# CC 10/29/17



## MuskyFan (Sep 21, 2016)

Took a trip up to CC today. Wasn’t going to let yesterday’s snow keep me down. Didn’t get out to the lake until 11 but fished till 3 pm. 

Decided to troll all day as this is not something I have done a lot of before. Put in at the North pool ramps so I wouldn’t need to run as far since I planned on fishing the north end. Plus, the side road I take off of 71 to Wellman is closed for repairs for 120 days. 

Worked a long point on the north end then around the campground island. Made two laps around the large North island then headed back to the ramp. Worked the West bank to the bridge. Apparently missed one close to Furnace Rd ramp. Heard the clicker and saw the rod shaking but it was released before I could get to it. Nothing I saw in the water and was reading 15-18’ running a medium crankbait. 

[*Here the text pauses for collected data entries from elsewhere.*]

text \<open>Borel--Cantelli, using that the block sums of the \<open>a(i)\<^sup>2\<close> are summable.\<close>

lemma AE_eventually_truncated_noise_less:
  assumes \<epsilon>: "\<epsilon> > 0"
  shows "AE \<omega> in M. eventually (\<lambda>n. \<forall>m\<in>{Nidx a T n..Nidx a T (Suc n)}.
      norm (truncated_noise_sum a T (\<lambda>k. x k \<omega>) (\<lambda>k. Mn k \<omega>) R n m) < \<epsilon>) sequentially"
proof -
  define A where "A n = {\<omega>\<in>space M. \<exists>m\<in>{Nidx a T n..Nidx a T (Suc n)}.
      \<epsilon> \<le> norm (truncated_noise_sum a T (\<lambda>k. x k \<omega>) (\<lambda>k. Mn k \<omega>) R n m)}" for n
  have [measurable]: "A n \<in> sets M" for n
    unfolding A_def truncated_noise_sum_eq by measurable
  define c where "c = real DIM('b) ^ 3 * (\<bar>K\<bar> * (1 + R\<^sup>2)) / \<epsilon>\<^sup>2"
  have "summable (\<lambda>n. c * (\<Sum>i\<in>{Nidx a T n..<Nidx a T (Suc n)}. (a i)\<^sup>2))"
    using summable_block_sums[OF strict_mono_mono[OF Nidx_strict_mono] _ a_sq]
    by (intro summable_mult) auto
  then have "summable (\<lambda>n. measure M (A n))"
    by (rule summable_comparison_test') (use truncated_noise_exceedance_le[OF \<epsilon>] in \<open>simp add: A_def c_def\<close>)
  then have "AE \<omega> in M. eventually (\<lambda>n. \<omega> \<in> space M - A n) sequentially"
    by (intro borel_cantelli_AE1) (auto simp: emeasure_eq_measure)
  then show ?thesis
    by eventually_elim (auto simp: A_def not_le elim!: eventually_mono)
qed

lemma AE_truncated_noise_small:
  "AE \<omega> in M. \<forall>\<epsilon>>0. eventually (\<lambda>n. \<forall>m\<in>{Nidx a T n..Nidx a T (Suc n)}.
      norm (truncated_noise_sum a T (\<lambda>k. x k \<omega>) (\<lambda>k. Mn k \<omega>) R n m) < \<epsilon>) sequentially"
proof -
  have "AE \<omega> in M. \<forall>j. eventually (\<lambda>n. \<forall>m\<in>{Nidx a T n..Nidx a T (Suc n)}.
      norm (truncated_noise_sum a T (\<lambda>k. x k \<omega>) (\<lambda>k. Mn k \<omega>) R n m) < inverse (real (Suc j))) sequentially"
    by (simp add: AE_all_countable AE_eventually_truncated_noise_less del: of_nat_Suc)
  then show ?thesis
  proof eventually_elim
    case (elim \<omega>)
    show ?case
    proof (intro allI impI)
      fix \<epsilon> :: real assume "\<epsilon> > 0"
      then obtain j where j: "inverse (real (Suc j)) < \<epsilon>" using reals_Archimedean by blast
      show "eventually (\<lambda>n. \<forall>m\<in>{Nidx a T n..Nidx a T (Suc n)}.
          norm (truncated_noise_sum a T (\<lambda>k. x k \<omega>) (\<lambda>k. Mn k \<omega>) R n m) < \<epsilon>) sequentially"
        using elim[rule_format, of j] by (rule eventually_mono) (use j in \<open>meson order_less_trans\<close>)
    qed
  qed
qed

lemma deviation_tendsto_zero_if_noise_small:
  assumes \<omega>: "\<omega> \<in> space M"
    and C0: "C0 \<ge> 0" "\<And>u v. v \<in> S \<Longrightarrow> norm (h u v) \<le> C0 + L * norm u"
    and small: "\<forall>\<epsilon>>0. eventually (\<lambda>n. \<forall>m\<in>{Nidx a T n..Nidx a T (Suc n)}.
      norm (truncated_noise_sum a T (\<lambda>k. x k \<omega>) (\<lambda>k. Mn k \<omega>) (gronwall_radius C0 L T) n m) < \<epsilon>)
      sequentially"
  shows "(\<lambda>n. SUP t\<in>{0..T}. norm (xn h a T (\<lambda>k. x k \<omega>) (\<lambda>k. y k \<omega>) n t
                                 - xhat_blk a T (\<lambda>k. x k \<omega>) n t)) \<longlonglongrightarrow> 0"
proof -
  interpret path: linear_growth_path a T h "\<lambda>k. x k \<omega>" "\<lambda>k. y k \<omega>" "\<lambda>k. Mn k \<omega>" C0 L
    using x_rec[OF \<omega>] y_S[OF \<omega>] C0 L_pos by unfold_locales auto
  show ?thesis
  proof (rule tendsto_iff[THEN iffD2], intro allI impI)
    fix \<epsilon> :: real assume \<epsilon>: "\<epsilon> > 0"
    with small have "eventually (\<lambda>n. \<forall>m\<in>{Nidx a T n..Nidx a T (Suc n)}.
      norm (truncated_noise_sum a T (\<lambda>k. x k \<omega>) (\<lambda>k. Mn k \<omega>) (gronwall_radius C0 L T) n m)
        \<le> min (\<epsilon> / 2) 1) sequentially"
      by (auto elim!: allE[of _ "min (\<epsilon> / 2) 1"] eventually_mono)
    then show "eventually (\<lambda>n. dist (SUP t\<in>{0..T}. norm (xn h a T (\<lambda>k. x k \<omega>) (\<lambda>k. y k \<omega>) n t
        - xhat_blk a T (\<lambda>k. x k \<omega>) n t)) 0 < \<epsilon>) sequentially"
    proof (rule eventually_mono)
      fix n assume "\<forall>m\<in>{Nidx a T n..Nidx a T (Suc n)}.
        norm (truncated_noise_sum a T (\<lambda>k. x k \<omega>) (\<lambda>k. Mn k \<omega>) (gronwall_radius C0 L T) n m) \<le> min (\<epsilon> / 2) 1"
      then have "\<bar>SUP t\<in>{0..T}. norm (xn h a T (\<lambda>k. x k \<omega>) (\<lambda>k. y k \<omega>) n t
          - xhat_blk a T (\<lambda>k. x k \<omega>) n t)\<bar> \<le> min (\<epsilon> / 2) 1"
        by (intro path.sup_xn_deviation_le_truncated) auto
      then show "dist (SUP t\<in>{0..T}. norm (xn h a T (\<lambda>k. x k \<omega>) (\<lambda>k. y k \<omega>) n t
          - xhat_blk a T (\<lambda>k. x k \<omega>) n t)) 0 < \<epsilon>"
        using \<epsilon> by (simp add: dist_real_def)
    qed
  qed
qed

theorem deviation_tendsto_zero:
  "AE \<omega> in M. (\<lambda>n. SUP t\<in>{0..T}. norm (xn h a T (\<lambda>k. x k \<omega>) (\<lambda>k. y k \<omega>) n t
                                 - xhat_blk a T (\<lambda>k. x k \<omega>) n t)) \<longlonglongrightarrow> 0"
proof -
  obtain C0 where C0: "C0 \<ge> 0" "\<And>u v. v \<in> S \<Longrightarrow> norm (h u v) \<le> C0 + L * norm u"
    using linear_growth by blast
  show ?thesis
    using AE_space AE_truncated_noise_small[of "gronwall_radius C0 L T"]
    by eventually_elim (rule deviation_tendsto_zero_if_noise_small[OF _ C0]; assumption)
qed

end

theorem lemma5:
  fixes M :: "'a measure" and F :: "nat \<Rightarrow> 'a measure"
    and S :: "'c::metric_space set"
    and h :: "'b::euclidean_space \<Rightarrow> 'c \<Rightarrow> 'b"
    and a :: "nat \<Rightarrow> real" and L K T :: real
    and x :: "nat \<Rightarrow> 'a \<Rightarrow> 'b" and y :: "nat \<Rightarrow> 'a \<Rightarrow> 'c" and Mn :: "nat \<Rightarrow> 'a \<Rightarrow> 'b"
  assumes S_compact: "compact S"
    and h_cont: "continuous_on (UNIV \<times> S) (\<lambda>(u, v). h u v)"
    and L_pos: "L > 0"
    and h_lip: "\<And>u1 u2 v. v \<in> S \<Longrightarrow> norm (h u1 v - h u2 v) \<le> L * norm (u1 - u2)"
    and a_pos: "\<And>n. a n > 0"
    and a_div: "\<not> summable a"
    and a_sq: "summable (\<lambda>n. (a n)\<^sup>2)"
    and a_le1: "\<And>n. a n \<le> 1"
    and prob: "prob_space M"
    and filt: "filtration M F"
    and y_S: "\<And>n \<omega>. \<omega> \<in> space M \<Longrightarrow> y n \<omega> \<in> S"
    and y_adapt: "\<And>n. y n \<in> borel_measurable (F n)"
    and x0_meas: "x 0 \<in> borel_measurable (F 0)"
    and M_adapt: "\<And>n. Mn (Suc n) \<in> borel_measurable (F (Suc n))"
    and M_sq_int: "\<And>n. integrable M (\<lambda>\<omega>. (norm (Mn (Suc n) \<omega>))\<^sup>2)"
    and M_mds: "\<And>n b. b \<in> Basis \<Longrightarrow>
        AE \<omega> in M. real_cond_exp M (F n) (\<lambda>\<omega>. Mn (Suc n) \<omega> \<bullet> b) \<omega> = 0"
    and M_var: "\<And>n. AE \<omega> in M.
        real_cond_exp M (F n) (\<lambda>\<omega>. (norm (Mn (Suc n) \<omega>))\<^sup>2) \<omega> \<le> K * (1 + (norm (x n \<omega>))\<^sup>2)"
    and x_rec: "\<And>n \<omega>. \<omega> \<in> space M \<Longrightarrow>
        x (Suc n) \<omega> = x n \<omega> + a n *\<^sub>R (h (x n \<omega>) (y n \<omega>) + Mn (Suc n) \<omega>)"
    and T_pos: "T > 0"
  shows "AE \<omega> in M.
    (\<lambda>n. SUP t\<in>{0..T}. norm (xn h a T (\<lambda>k. x k \<omega>) (\<lambda>k. y k \<omega>) n t
                                 - xhat_blk a T (\<lambda>k. x k \<omega>) n t)) \<longlonglongrightarrow> 0"
  using assms by (rule stochastic_approximation.deviation_tendsto_zero[OF stochastic_approximation.intro])

end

Burned some gas, saw some interesting things on the SI and figured out some things to make it easier to troll on my own. Overall, an excellent day.


----------



## Legend killer (Apr 20, 2011)

Nice report.


----------



## Lazy 8 (May 21, 2010)

Any day on the water is a good day. My brother in law has been fishing for Muskies in WV for waaay longer than I have. He always said, the worst day - weather wise for us, is the best day to fish for Muskies. He has shown me pics of him and buddies catching big Muskies on the Hughes River out of a 12' John boat where there were slabs of ice all around.


----------